++++ DATA

text \<open>Multivariate polynomials over C: finitely supported coefficient maps on monomials
  (a monomial is a finitely supported exponent map on variable indices).\<close>
type_synonym mpoly = "(nat \<Rightarrow>\<^sub>0 nat) \<Rightarrow>\<^sub>0 complex"

definition mpoly_eval :: "mpoly \<Rightarrow> (nat \<Rightarrow> complex) \<Rightarrow> complex" where
  "mpoly_eval F y = sum (\<lambda>m. Poly_Mapping.lookup F m * prod (\<lambda>i. y i ^ Poly_Mapping.lookup m i) (Poly_Mapping.keys m)) (Poly_Mapping.keys F)"

text \<open>Polynomial functions f 1, ..., f n (in the variables x) are algebraically independent over C:
  no nonzero polynomial F in n variables Y_1..Y_n gives F(f_1,...,f_n) = 0.  Over the infinite field C
  a polynomial is zero iff it vanishes as a function, which is how the vanishing is expressed.\<close>
definition alg_indep :: "nat \<Rightarrow> (nat \<Rightarrow> (nat \<Rightarrow> complex) \<Rightarrow> complex) \<Rightarrow> bool" where
  "alg_indep n f \<longleftrightarrow>
     (\<forall>F::mpoly. F \<noteq> 0 \<and> (\<forall>m\<in>Poly_Mapping.keys F. Poly_Mapping.keys m \<subseteq> {1..n}) \<longrightarrow>
        \<not> (\<forall>x. mpoly_eval F (\<lambda>i. f i x) = 0))"

end

theory Submission
  imports
    Defs
    "HOL-Computational_Algebra.Polynomial_FPS"
    "HOL-Computational_Algebra.Fundamental_Theorem_Algebra"
begin

unbundle fps_syntax

(* A polynomial map C^k -> C^k that is onto has algebraically independent components, since a
   nonzero polynomial does not vanish identically (Kronecker substitution).  The p^<Q>_t differ
   from the p_t by a unitriangular affine change, so it suffices that (p_1, ..., p_k) is onto.
   Up to the factor q - q^-1, p_t(x) is the coefficient of T^t in
   R(T) = prod_i (1 - a x_i T) / (1 - x_i T) with a = q^-2.  Given target coefficients
   r_1, ..., r_k, solve r(T) E(T) = E(aT) for a series E with E(0) = 1, which is possible
   because a is not a root of unity; factoring the truncation of E as prod_i (1 - x_i T) by the
   fundamental theorem of algebra yields R E = E(aT) as well, hence R = r up to degree k. *)

section \<open>Kronecker substitution\<close>

lemma base_digits_inj:
  fixes f g :: "nat \<Rightarrow> nat"
  assumes "\<forall>i<n. f i < D" "\<forall>i<n. g i < D"
    and "(\<Sum>i<n. f i * D ^ i) = (\<Sum>i<n. g i * D ^ i)"
  shows "\<forall>i<n. f i = g i"
  using assms
proof (induction n arbitrary: f g)
  case 0
  then show ?case by simp
next
  case (Suc n)
  have expand: "(\<Sum>i<Suc n. h i * D ^ i) = h 0 + D * (\<Sum>i<n. h (Suc i) * D ^ i)"
    for h :: "nat \<Rightarrow> nat"
    unfolding sum.lessThan_Suc_shift by (simp add: sum_distrib_left mult_ac)
  have eq: "f 0 + D * (\<Sum>i<n. f (Suc i) * D ^ i) = g 0 + D * (\<Sum>i<n. g (Suc i) * D ^ i)"
    using Suc.prems(3) by (simp only: expand)
  have "f 0 < D" "g 0 < D"
    using Suc.prems by auto
  then have "f 0 = g 0" and "(\<Sum>i<n. f (Suc i) * D ^ i) = (\<Sum>i<n. g (Suc i) * D ^ i)"
    using arg_cong[OF eq, of "\<lambda>z. z mod D"] arg_cong[OF eq, of "\<lambda>z. z div D"] by simp_all
  moreover have "\<forall>i<n. f (Suc i) < D" "\<forall>i<n. g (Suc i) < D"
    using Suc.prems(1,2) by simp_all
  ultimately have "\<forall>i<n. f (Suc i) = g (Suc i)"
    using Suc.IH[of "\<lambda>i. f (Suc i)" "\<lambda>i. g (Suc i)"] by blast
  with \<open>f 0 = g 0\<close> show ?case
    by (simp add: All_less_Suc2)
qed

definition kronecker_exponent :: "nat \<Rightarrow> (nat \<Rightarrow>\<^sub>0 nat) \<Rightarrow> nat" where
  "kronecker_exponent D m = (\<Sum>i\<in>Poly_Mapping.keys m. Poly_Mapping.lookup m i * D ^ i)"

++++++++

INSTRUCTIONS TO FOLLOW :: Each line above that contains "with" counts once; report the resulting number and nothing else.

COMPLETED EXERCISE :: 3